Only the lines from the top of the data through the one with "text \<open>Lines are" are to be written out, each exactly as it stands.

• DATA SHOWN:
########
(* Let $C$ be a finite non-degenerate projective configuration with lines $l_0,l_1,\dots,l_n$, let $\mathcal{P}_0$ be the set of its points not incident to $l_0$, and let $\mathcal{A}=\{(i,p)\in\{1,\dots,n\}\times\mathcal{P}_0 : p \text{ is incident to } l_i\}$. Let $L=\bigoplus_{k\ge1}L_k$ be the free Lie algebra over $\mathbb{Z}$ on $x_1,\dots,x_n$, graded by degree, $H=L_1$, $S_p=\sum_{j:\,p\prec l_j}x_j$ for $p\in\mathcal{P}_0$, $R_2\subset L_2$ the subgroup spanned by the elements $\bar r(i,p)=[x_i,S_p]$ for $(i,p)\in\mathcal{A}$ with $i\neq\min\{j:l_j\succ p\}$ (a $\mathbb{Z}$-basis of $R_2$), $P_2=L_2/R_2$, $R_3=[H,R_2]$, $P_3=L_3/R_3$. The Lie bracket induces a well-defined bilinear map $H\times P_2\to P_3$, $(x,y+R_2)\mapsto[x,y]+R_3$. For $f\in\mathrm{Hom}(H,P_2)$ let $\bar\delta f\in\mathrm{Hom}(R_2,P_3)$ be the restriction to $R_2$ of the homomorphism $L_2\to P_3$ given by $[x,y]\mapsto[x,f(y)]-[y,f(x)]$ for $x,y\in H$. Let $A=H^{\mathcal{A}}$ and define $\tilde\tau:A\to\mathrm{Hom}(R_2,P_3)$ on the basis of $R_2$ by $$\tilde\tau a(\bar r(i,p))=[[x_i,a(i,p)],S_p]+\Big[x_i,\sum_{j:\,p\prec l_j}[x_j,a(j,p)]\Big]+R_3 .$$ Let $B\subseteq A$ be the subgroup of maps $a$ that do not depend on $p$, i.e. $a(i,p)=a(i,q)$ whenever $(i,p),(i,q)\in\mathcal{A}$. Then $\tilde\tau(B)\subseteq\bar\delta\,\mathrm{Hom}(H,P_2)$.
   Context: A projective configuration is a triple $(\mathcal{L},\mathcal{P},\succ)$ of a set of lines, a set of points and an incidence relation between them (written $l\succ p$ or $p\prec l$) such that any two distinct lines are incident to a unique common point and every point is incident to at least two lines; it is non-degenerate if it has more than one point. $L_2$ is identified with $\Lambda^2H$ via $x\wedge y\mapsto[x,y]$. *)

theory Defs
  imports Main "HOL-Library.Function_Algebras"
begin

text \<open>Lines are indexed by 0..n (l_0,...,l_n), points form a set P of type 'p,
  and I j p means that line l_j is incident to point p.\<close>

definition proj_config :: "nat \<Rightarrow> 'p set \<Rightarrow> (nat \<Rightarrow> 'p \<Rightarrow> bool) \<Rightarrow> bool" where
  "proj_config n P I \<longleftrightarrow>
     (\<forall>j k. j \<le> n \<and> k \<le> n \<and> j \<noteq> k \<longrightarrow> (\<exists>!p. p \<in> P \<and> I j p \<and> I k p)) \<and>
     (\<forall>p\<in>P. \<exists>j k. j \<le> n \<and> k \<le> n \<and> j \<noteq> k \<and> I j p \<and> I k p)"

definition finite_nondeg_proj_config :: "nat \<Rightarrow> 'p set \<Rightarrow> (nat \<Rightarrow> 'p \<Rightarrow> bool) \<Rightarrow> bool" where
  "finite_nondeg_proj_config n P I \<longleftrightarrow> proj_config n P I \<and> finite P \<and> card P > 1"

definition P0 :: "'p set \<Rightarrow> (nat \<Rightarrow> 'p \<Rightarrow> bool) \<Rightarrow> 'p set" where
  "P0 P I = {p \<in> P. \<not> I 0 p}"

definition incA :: "nat \<Rightarrow> 'p set \<Rightarrow> (nat \<Rightarrow> 'p \<Rightarrow> bool) \<Rightarrow> (nat \<times> 'p) set" where
  "incA n P I = {(i, p). i \<in> {1..n} \<and> p \<in> P0 P I \<and> I i p}"

text \<open>Elements of the free associative ring Z<x_1,x_2,...> are functions from words
  (lists of generator indices) to coefficients. The free Lie ring on x_1..x_n embeds
  as the Lie subring generated by the x_i, with bracket [u,v] = uv - vu.\<close>

type_synonym fa = "nat list \<Rightarrow> int"

definition fmul :: "fa \<Rightarrow> fa \<Rightarrow> fa" where
  "fmul u v = (\<lambda>w. \<Sum>k\<in>{0..length w}. u (take k w) * v (drop k w))"

definition lbr :: "fa \<Rightarrow> fa \<Rightarrow> fa" where
  "lbr u v = fmul u v - fmul v u"

definition gen :: "nat \<Rightarrow> fa" where
  "gen i = (\<lambda>w. if w = [i] then 1 else 0)"

inductive_set zspan :: "fa set \<Rightarrow> fa set" for G where
  zero: "0 \<in> zspan G"
| base: "g \<in> G \<Longrightarrow> g \<in> zspan G"
| add: "u \<in> zspan G \<Longrightarrow> v \<in> zspan G \<Longrightarrow> u + v \<in> zspan G"
| neg: "u \<in> zspan G \<Longrightarrow> - u \<in> zspan G"

definition Hdeg1 :: "nat \<Rightarrow> fa set" where
  "Hdeg1 n = zspan (gen ` {1..n})"

definition Ldeg2 :: "nat \<Rightarrow> fa set" where
  "Ldeg2 n = zspan {lbr u v | u v. u \<in> Hdeg1 n \<and> v \<in> Hdeg1 n}"

definition Ldeg3 :: "nat \<Rightarrow> fa set" where
  "Ldeg3 n = zspan {lbr u v | u v. u \<in> Hdeg1 n \<and> v \<in> Ldeg2 n}"

definition Sp :: "nat \<Rightarrow> (nat \<Rightarrow> 'p \<Rightarrow> bool) \<Rightarrow> 'p \<Rightarrow> fa" where
  "Sp n I p = (\<Sum>j\<in>{j. j \<le> n \<and> I j p}. gen j)"

definition minline :: "nat \<Rightarrow> (nat \<Rightarrow> 'p \<Rightarrow> bool) \<Rightarrow> 'p \<Rightarrow> nat" where
  "minline n I p = Min {j. j \<le> n \<and> I j p}"

definition rbar :: "nat \<Rightarrow> (nat \<Rightarrow> 'p \<Rightarrow> bool) \<Rightarrow> nat \<Rightarrow> 'p \<Rightarrow> fa" where
  "rbar n I i p = lbr (gen i) (Sp n I p)"

definition R2 :: "nat \<Rightarrow> 'p set \<Rightarrow> (nat \<Rightarrow> 'p \<Rightarrow> bool) \<Rightarrow> fa set" where
  "R2 n P I = zspan {rbar n I i p | i p. (i, p) \<in> incA n P I \<and> i \<noteq> minline n I p}"

definition R3 :: "nat \<Rightarrow> 'p set \<Rightarrow> (nat \<Rightarrow> 'p \<Rightarrow> bool) \<Rightarrow> fa set" where
  "R3 n P I = zspan {lbr h r | h r. h \<in> Hdeg1 n \<and> r \<in> R2 n P I}"

text \<open>Value of tau-tilde a on the basis element rbar(i,p), as an element of L_3
  (a representative of its class in P_3 = L_3/R_3).\<close>
definition tau_val :: "nat \<Rightarrow> (nat \<Rightarrow> 'p \<Rightarrow> bool) \<Rightarrow> (nat \<times> 'p \<Rightarrow> fa) \<Rightarrow> nat \<Rightarrow> 'p \<Rightarrow> fa" where
  "tau_val n I a i p =
     lbr (lbr (gen i) (a (i, p))) (Sp n I p)
     + lbr (gen i) (\<Sum>j\<in>{j. j \<le> n \<and> I j p}. lbr (gen j) (a (j, p)))"

text \<open>A homomorphism f : H \<rightarrow> P_2 is represented by an additive lift f : H \<rightarrow> L_2
  (which exists since H is free). delta-bar f is the homomorphism L_2 \<rightarrow> P_3 with
  [x,y] \<mapsto> [x,f y] - [y,f x] + R_3; its value on rbar(i,p) = [x_i, S_p] is given below
  (representative in L_3).\<close>
definition is_hom_H_L2 :: "nat \<Rightarrow> (fa \<Rightarrow> fa) \<Rightarrow> bool" where
  "is_hom_H_L2 n f \<longleftrightarrow> (\<forall>x\<in>Hdeg1 n. f x \<in> Ldeg2 n) \<and>
     (\<forall>x\<in>Hdeg1 n. \<forall>y\<in>Hdeg1 n. f (x + y) = f x + f y)"

definition delta_on_bracket :: "(fa \<Rightarrow> fa) \<Rightarrow> fa \<Rightarrow> fa \<Rightarrow> fa" where
  "delta_on_bracket f x y = lbr x (f y) - lbr y (f x)"

end

theory Submission
  imports Defs
begin

text \<open>For a map \<open>a\<close> that does not depend on the point, put \<open>b\<^sub>j = a(j,p)\<close> and let
  \<open>f : H \<rightarrow> L\<^sub>2\<close> be the additive map with \<open>f x\<^sub>j = [x\<^sub>j, b\<^sub>j]\<close>. Then
  \<open>\<delta>f [x\<^sub>i, S\<^sub>p] = [x\<^sub>i, f S\<^sub>p] - [S\<^sub>p, f x\<^sub>i] = [x\<^sub>i, \<Sum>\<^sub>j [x\<^sub>j, b\<^sub>j]] + [[x\<^sub>i, b\<^sub>i], S\<^sub>p]\<close>,
  which is the defining formula of \<open>\<tau>a [x\<^sub>i, S\<^sub>p]\<close> already in \<open>L\<^sub>3\<close>, not only modulo \<open>R\<^sub>3\<close>.
  Neither the configuration axioms nor the condition \<open>i \<noteq> min{j. l\<^sub>j \<succ> p}\<close> are needed.\<close>

text \<open>\<open>u [j]\<close> is the coefficient of \<open>x\<^sub>j\<close> in \<open>u\<close>, so on \<open>H\<close> this is the additive map
  sending \<open>x\<^sub>j\<close> to \<open>L j\<close>.\<close>
definition gen_lin_ext :: "nat \<Rightarrow> (nat \<Rightarrow> fa) \<Rightarrow> fa \<Rightarrow> fa" where
  "gen_lin_ext n L u = (\<lambda>w. \<Sum>j\<in>{1..n}. u [j] * L j w)"

lemma gen_lin_ext_add: "gen_lin_ext n L (u + v) = gen_lin_ext n L u + gen_lin_ext n L v"
  unfolding gen_lin_ext_def by (rule ext) (simp add: algebra_simps sum.distrib)

lemma gen_lin_ext_uminus: "gen_lin_ext n L (- u) = - gen_lin_ext n L u"
  unfolding gen_lin_ext_def by (rule ext) (simp add: sum_negf)

lemma gen_lin_ext_zero: "gen_lin_ext n L 0 = 0"
  unfolding gen_lin_ext_def by (rule ext) simp

lemma gen_lin_ext_sum:
  "finite A \<Longrightarrow> gen_lin_ext n L (\<Sum>j\<in>A. g j) = (\<Sum>j\<in>A. gen_lin_ext n L (g j))"
proof (induction A rule: finite_induct)
  case empty
  show ?case by (simp only: sum.empty gen_lin_ext_zero)
next
  case (insert x F)
  show ?case by (simp only: sum.insert[OF insert.hyps] gen_lin_ext_add insert.IH)
qed

lemma gen_lin_ext_gen:
  assumes "i \<in> {1..n}"
  shows "gen_lin_ext n L (gen i) = L i"
proof (rule ext)
  fix w
  have "(\<Sum>j\<in>{1..n}. gen i [j] * L j w) = (\<Sum>j\<in>{1..n}. if j = i then L i w else 0)"
    by (rule sum.cong) (auto simp: gen_def)
  then show "gen_lin_ext n L (gen i) w = L i w"
    using assms by (simp add: gen_lin_ext_def)
qed

lemma gen_lin_ext_in_zspan:
  assumes "x \<in> Hdeg1 n" and "\<And>j. j \<in> {1..n} \<Longrightarrow> L j \<in> zspan G"
  shows "gen_lin_ext n L x \<in> zspan G"
  using assms(1) unfolding Hdeg1_def
proof (induction x rule: zspan.induct)
  case zero
  show ?case by (simp only: gen_lin_ext_zero zspan.zero)
next
  case (base g)
  then show ?case using assms(2) gen_lin_ext_gen by auto
next
  case (add u v)
  then show ?case by (simp only: gen_lin_ext_add zspan.add)
next
  case (neg u)
  then show ?case by (simp only: gen_lin_ext_uminus zspan.neg)
qed

lemma gen_in_Hdeg1: "j \<in> {1..n} \<Longrightarrow> gen j \<in> Hdeg1 n"
  unfolding Hdeg1_def by (intro zspan.base imageI)

lemma lbr_antisym: "lbr u v = - lbr v u"
  unfolding lbr_def by simp

lemma is_hom_H_L2_gen_lin_ext_lbr:
  assumes "\<And>j. j \<in> {1..n} \<Longrightarrow> b j \<in> Hdeg1 n"
  shows "is_hom_H_L2 n (gen_lin_ext n (\<lambda>j. lbr (gen j) (b j)))"
proof -
  have "gen_lin_ext n (\<lambda>j. lbr (gen j) (b j)) x \<in> Ldeg2 n" if "x \<in> Hdeg1 n" for x
    unfolding Ldeg2_def using that
  proof (rule gen_lin_ext_in_zspan)
    fix j
    assume "j \<in> {1..n}"
    then show "lbr (gen j) (b j) \<in> zspan {lbr u v |u v. u \<in> Hdeg1 n \<and> v \<in> Hdeg1 n}"
      using gen_in_Hdeg1 assms by (blast intro: zspan.base)
  qed
  then show ?thesis
    unfolding is_hom_H_L2_def by (simp add: gen_lin_ext_add)
qed

lemma delta_on_bracket_gen_lin_ext_lbr:
  assumes "i \<in> {1..n}" and "finite J" and "J \<subseteq> {1..n}"
  shows "delta_on_bracket (gen_lin_ext n (\<lambda>j. lbr (gen j) (b j))) (gen i) (\<Sum>j\<in>J. gen j)
           = lbr (lbr (gen i) (b i)) (\<Sum>j\<in>J. gen j) + lbr (gen i) (\<Sum>j\<in>J. lbr (gen j) (b j))"
proof -
  let ?f = "gen_lin_ext n (\<lambda>j. lbr (gen j) (b j))"
  have "?f (\<Sum>j\<in>J. gen j) = (\<Sum>j\<in>J. lbr (gen j) (b j))"
    unfolding gen_lin_ext_sum[OF assms(2)]
    by (intro sum.cong refl) (meson assms(3) gen_lin_ext_gen subsetD)
  moreover have "?f (gen i) = lbr (gen i) (b i)"
    using assms(1) by (simp add: gen_lin_ext_gen)
  ultimately show ?thesis
    unfolding delta_on_bracket_def by (simp add: lbr_antisym[of "\<Sum>j\<in>J. gen j"])
qed

lemma factor_through_fst:
  assumes "\<forall>i p q. (i, p) \<in> A \<and> (i, q) \<in> A \<longrightarrow> a (i, p) = a (i, q)"
    and "\<forall>x\<in>A. a x \<in> S" and "z \<in> S"
  obtains b where "\<And>i p. (i, p) \<in> A \<Longrightarrow> a (i, p) = b i" and "\<And>i. b i \<in> S"
proof
  define b where "b i = (if \<exists>p. (i, p) \<in> A then a (i, SOME p. (i, p) \<in> A) else z)" for i
  show "a (i, p) = b i" if "(i, p) \<in> A" for i p
  proof -
    have "(i, SOME p. (i, p) \<in> A) \<in> A"
      using that by (rule someI)
    moreover have "b i = a (i, SOME p. (i, p) \<in> A)"
      unfolding b_def using that by (intro if_P) blast
    ultimately show ?thesis
      using assms(1) that by metis
  qed
  show "b i \<in> S" for i
  proof (cases "\<exists>p. (i, p) \<in> A")
    case True
    then show ?thesis
      using assms(2) someI_ex[OF True] by (simp add: b_def)
  next
    case False
    then show ?thesis
      using assms(3) by (simp add: b_def)
  qed
qed

lemma lines_through_P0_point:
  assumes "(i, p) \<in> incA n P I" and "j \<le> n" and "I j p"
  shows "(j, p) \<in> incA n P I"
  using assms by (cases j) (auto simp: incA_def P0_def)

theorem proposition2p5:
  fixes n :: nat and P :: "'p set" and I :: "nat \<Rightarrow> 'p \<Rightarrow> bool"
    and a :: "nat \<times> 'p \<Rightarrow> fa"
  assumes "finite_nondeg_proj_config n P I"
    and "\<forall>ip\<in>incA n P I. a ip \<in> Hdeg1 n"
    and "\<forall>i p q. (i, p) \<in> incA n P I \<and> (i, q) \<in> incA n P I \<longrightarrow> a (i, p) = a (i, q)"
  shows "\<exists>f. is_hom_H_L2 n f \<and>
           (\<forall>(i, p)\<in>incA n P I. i \<noteq> minline n I p \<longrightarrow>
              tau_val n I a i p - delta_on_bracket f (gen i) (Sp n I p) \<in> R3 n P I)"
proof -
  obtain b where ab: "\<And>i p. (i, p) \<in> incA n P I \<Longrightarrow> a (i, p) = b i"
    and bH: "\<And>i. b i \<in> Hdeg1 n"
    using factor_through_fst[OF assms(3,2), of 0] by (auto simp: Hdeg1_def zspan.zero)
  define f where "f = gen_lin_ext n (\<lambda>j. lbr (gen j) (b j))"
  have "is_hom_H_L2 n f"
    unfolding f_def using bH by (rule is_hom_H_L2_gen_lin_ext_lbr)
  moreover have "tau_val n I a i p = delta_on_bracket f (gen i) (Sp n I p)"
    if ip: "(i, p) \<in> incA n P I" for i p
  proof -
    define J where "J = {j. j \<le> n \<and> I j p}"
    have lines: "(j, p) \<in> incA n P I" if "j \<in> J" for j
      using lines_through_P0_point[OF ip] that by (simp add: J_def)
    then have "J \<subseteq> {1..n}"
      by (auto simp: incA_def)
    moreover have "i \<in> {1..n}"
      using ip by (simp add: incA_def)
    moreover have "finite J"
      by (simp add: J_def)
    moreover have "(\<Sum>j\<in>J. lbr (gen j) (a (j, p))) = (\<Sum>j\<in>J. lbr (gen j) (b j))"
      by (intro sum.cong refl) (simp add: ab lines)
    ultimately show ?thesis
      unfolding f_def tau_val_def Sp_def J_def[symmetric]
      by (simp add: delta_on_bracket_gen_lin_ext_lbr ab ip)
  qed
  ultimately show ?thesis
    by (intro exI[of _ f]) (auto simp: R3_def zspan.zero)
qed

end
########
• RESULT:
(* Let $C$ be a finite non-degenerate projective configuration with lines $l_0,l_1,\dots,l_n$, let $\mathcal{P}_0$ be the set of its points not incident to $l_0$, and let $\mathcal{A}=\{(i,p)\in\{1,\dots,n\}\times\mathcal{P}_0 : p \text{ is incident to } l_i\}$. Let $L=\bigoplus_{k\ge1}L_k$ be the free Lie algebra over $\mathbb{Z}$ on $x_1,\dots,x_n$, graded by degree, $H=L_1$, $S_p=\sum_{j:\,p\prec l_j}x_j$ for $p\in\mathcal{P}_0$, $R_2\subset L_2$ the subgroup spanned by the elements $\bar r(i,p)=[x_i,S_p]$ for $(i,p)\in\mathcal{A}$ with $i\neq\min\{j:l_j\succ p\}$ (a $\mathbb{Z}$-basis of $R_2$), $P_2=L_2/R_2$, $R_3=[H,R_2]$, $P_3=L_3/R_3$. The Lie bracket induces a well-defined bilinear map $H\times P_2\to P_3$, $(x,y+R_2)\mapsto[x,y]+R_3$. For $f\in\mathrm{Hom}(H,P_2)$ let $\bar\delta f\in\mathrm{Hom}(R_2,P_3)$ be the restriction to $R_2$ of the homomorphism $L_2\to P_3$ given by $[x,y]\mapsto[x,f(y)]-[y,f(x)]$ for $x,y\in H$. Let $A=H^{\mathcal{A}}$ and define $\tilde\tau:A\to\mathrm{Hom}(R_2,P_3)$ on the basis of $R_2$ by $$\tilde\tau a(\bar r(i,p))=[[x_i,a(i,p)],S_p]+\Big[x_i,\sum_{j:\,p\prec l_j}[x_j,a(j,p)]\Big]+R_3 .$$ Let $B\subseteq A$ be the subgroup of maps $a$ that do not depend on $p$, i.e. $a(i,p)=a(i,q)$ whenever $(i,p),(i,q)\in\mathcal{A}$. Then $\tilde\tau(B)\subseteq\bar\delta\,\mathrm{Hom}(H,P_2)$.
   Context: A projective configuration is a triple $(\mathcal{L},\mathcal{P},\succ)$ of a set of lines, a set of points and an incidence relation between them (written $l\succ p$ or $p\prec l$) such that any two distinct lines are incident to a unique common point and every point is incident to at least two lines; it is non-degenerate if it has more than one point. $L_2$ is identified with $\Lambda^2H$ via $x\wedge y\mapsto[x,y]$. *)

theory Defs
  imports Main "HOL-Library.Function_Algebras"
begin

text \<open>Lines are indexed by 0..n (l_0,...,l_n), points form a set P of type 'p,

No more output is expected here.